SciKit-Learn Linear Regression Demo¶
This notebook demonstrates running a linear regression with sklearn.linear_model.LinearRegression
, and comparing its results with those of a model from statsmodels.formula.api.ols()
.
Setup¶
First, let’s import our basic modules:
import pandas as pd
import numpy as np
import statsmodels.formula.api as smf
import seaborn as sns
And initialize the RNG:
import seedbank
seedbank.initialize(20211026)
SeedSequence(
entropy=20211026,
)
And we’ll load the movies we’ve been working with in several other examples:
movies = pd.read_csv('../data/hetrec2011-ml/movies.dat', sep='\t', encoding='latin1',
na_values='\\N')
movies.info()
<class 'pandas.core.frame.DataFrame'>
RangeIndex: 10197 entries, 0 to 10196
Data columns (total 21 columns):
# Column Non-Null Count Dtype
--- ------ -------------- -----
0 id 10197 non-null int64
1 title 10197 non-null object
2 imdbID 10197 non-null int64
3 spanishTitle 10197 non-null object
4 imdbPictureURL 10016 non-null object
5 year 10197 non-null int64
6 rtID 9886 non-null object
7 rtAllCriticsRating 9967 non-null float64
8 rtAllCriticsNumReviews 9967 non-null float64
9 rtAllCriticsNumFresh 9967 non-null float64
10 rtAllCriticsNumRotten 9967 non-null float64
11 rtAllCriticsScore 9967 non-null float64
12 rtTopCriticsRating 9967 non-null float64
13 rtTopCriticsNumReviews 9967 non-null float64
14 rtTopCriticsNumFresh 9967 non-null float64
15 rtTopCriticsNumRotten 9967 non-null float64
16 rtTopCriticsScore 9967 non-null float64
17 rtAudienceRating 9967 non-null float64
18 rtAudienceNumRatings 9967 non-null float64
19 rtAudienceScore 9967 non-null float64
20 rtPictureURL 9967 non-null object
dtypes: float64(13), int64(3), object(5)
memory usage: 1.6+ MB
And clear out the zeros, as discussed in Missing Data:
movies.loc[movies['rtAllCriticsRating'] == 0, 'rtAllCriticsRating'] = np.nan
movies.loc[movies['rtAudienceRating'] == 0, 'rtAudienceRating'] = np.nan
Finally, we’ll create a test set of movies, and store the rest in training data:
test_movies = movies.sample(frac=0.2)
train_mask = pd.Series(True, index=movies.index)

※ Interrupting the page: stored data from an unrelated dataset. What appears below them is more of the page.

lemma perfect_in_tree_subset_branches: "perfect_in (tree_topology T) P \<Longrightarrow> P \<subseteq> branches T"
  using closedin_subset[of "tree_topology T" P] cyl_subset_branches
  unfolding perfect_in_def tree_topology_def topology_generated_by_topspace by blast

lemma bernstein_in_treeD:
  assumes "bernstein_in (tree_topology T) B" "P \<noteq> {}" "perfect_in (tree_topology T) P"
  shows "\<not> P \<subseteq> B" "\<not> P \<subseteq> branches T - B"
proof -
  have "topspace (tree_topology T) = branches T"
    using perfect_in_tree_subset_branches[OF assms(3)] assms(2) by (intro topspace_tree_topology) blast
  with assms show "\<not> P \<subseteq> B" "\<not> P \<subseteq> branches T - B"
    unfolding bernstein_in_def by auto
qed

lemma limsup_ge_if_frequently:
  fixes v :: "nat \<Rightarrow> 'b :: complete_linorder"
  assumes "\<exists>\<^sub>F n in sequentially. c \<le> v n"
  shows "c \<le> limsup v"
proof (rule ccontr)
  assume "\<not> c \<le> limsup v"
  then have "\<forall>\<^sub>F n in sequentially. v n < c" by (intro Limsup_lessD) simp
  then have "\<forall>\<^sub>F n in sequentially. \<not> c \<le> v n" by (rule eventually_mono) (simp add: not_le)
  with assms show False by (simp add: frequently_def)
qed

definition often_above :: "'a list set \<Rightarrow> ((nat \<Rightarrow> 'a) \<Rightarrow> nat \<Rightarrow> real) \<Rightarrow> real \<Rightarrow> 'a list \<Rightarrow> bool"
  where "often_above T V c s \<longleftrightarrow> (\<forall>r n. thick_node T r \<longrightarrow> prefix s r \<longrightarrow>
    (\<exists>r'. thick_node T r' \<and> prefix r r' \<and> (\<exists>t\<ge>n. \<forall>x\<in>cyl T r'. c < V x t)))"

lemma often_above_split:
  assumes cT: "countable T" and above: "often_above T V c s" and r: "thick_node T r" "prefix s r"
  obtains r1 r2 where "thick_node T r1" "thick_node T r2" "prefix r r1" "prefix r r2" "r1 \<parallel> r2"
    and "\<exists>t\<ge>n. \<forall>x\<in>cyl T r1. c < V x t" and "\<exists>t\<ge>n. \<forall>x\<in>cyl T r2. c < V x t"
proof -
  obtain q1 q2 where q: "thick_node T q1" "thick_node T q2" "prefix r q1" "prefix r q2" "q1 \<parallel> q2"
    using thick_node_split[OF cT r(1)] by blast
  have "prefix s q1" "prefix s q2"
    using q(3,4) r(2) prefix_order.trans by blast+
  obtain r1 where "thick_node T r1" "prefix q1 r1" "\<exists>t\<ge>n. \<forall>x\<in>cyl T r1. c < V x t"
    using above q(1) \<open>prefix s q1\<close> unfolding often_above_def by blast
  moreover obtain r2 where "thick_node T r2" "prefix q2 r2" "\<exists>t\<ge>n. \<forall>x\<in>cyl T r2. c < V x t"
    using above q(2) \<open>prefix s q2\<close> unfolding often_above_def by blast
  moreover have "prefix r r1" "prefix r r2"
    using q(3,4) \<open>prefix q1 r1\<close> \<open>prefix q2 r2\<close> prefix_order.trans by blast+
  moreover have "r1 \<parallel> r2" using q(5) \<open>prefix q1 r1\<close> \<open>prefix q2 r2\<close> by (rule parallel_prefixI)
  ultimately show thesis using that by blast
qed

train_mask[test_movies.index] = False
train_movies = movies[train_mask]
We could also do this with sklearn.model_selection.train_test_split()
, but I’m using Pandas directly here so we can see clearly what the split is doing.
Statsmodels¶
We’re first going to use Statsmodels to compute a linear regression, like we have done on other data sets. Our goal is to use the all-critics rating to predict the audience rating:
lm_sm = smf.ols('rtAudienceRating ~ rtAllCriticsRating', data=train_movies)
lm_sm_fit = lm_sm.fit()
lm_sm_fit.summary()
Dep. Variable: | rtAudienceRating | R-squared: | 0.511 |
---|---|---|---|
Model: | OLS | Adj. R-squared: | 0.511 |
Method: | Least Squares | F-statistic: | 6002. |
Date: | Thu, 28 Oct 2021 | Prob (F-statistic): | 0.00 |
Time: | 14:30:25 | Log-Likelihood: | -1554.7 |
No. Observations: | 5749 | AIC: | 3113. |
Df Residuals: | 5747 | BIC: | 3127. |
Df Model: | 1 | ||
Covariance Type: | nonrobust |
coef | std err | t | P>|t| | [0.025 | 0.975] | |
---|---|---|---|---|---|---|
Intercept | 2.0949 | 0.017 | 121.401 | 0.000 | 2.061 | 2.129 |
rtAllCriticsRating | 0.2137 | 0.003 | 77.474 | 0.000 | 0.208 | 0.219 |
Omnibus: | 24.811 | Durbin-Watson: | 1.863 |
---|---|---|---|
Prob(Omnibus): | 0.000 | Jarque-Bera (JB): | 31.568 |
Skew: | 0.064 | Prob(JB): | 1.40e-07 |
Kurtosis: | 3.340 | Cond. No. | 26.4 |
Notes:
[1] Standard Errors assume that the covariance matrix of the errors is correctly specified.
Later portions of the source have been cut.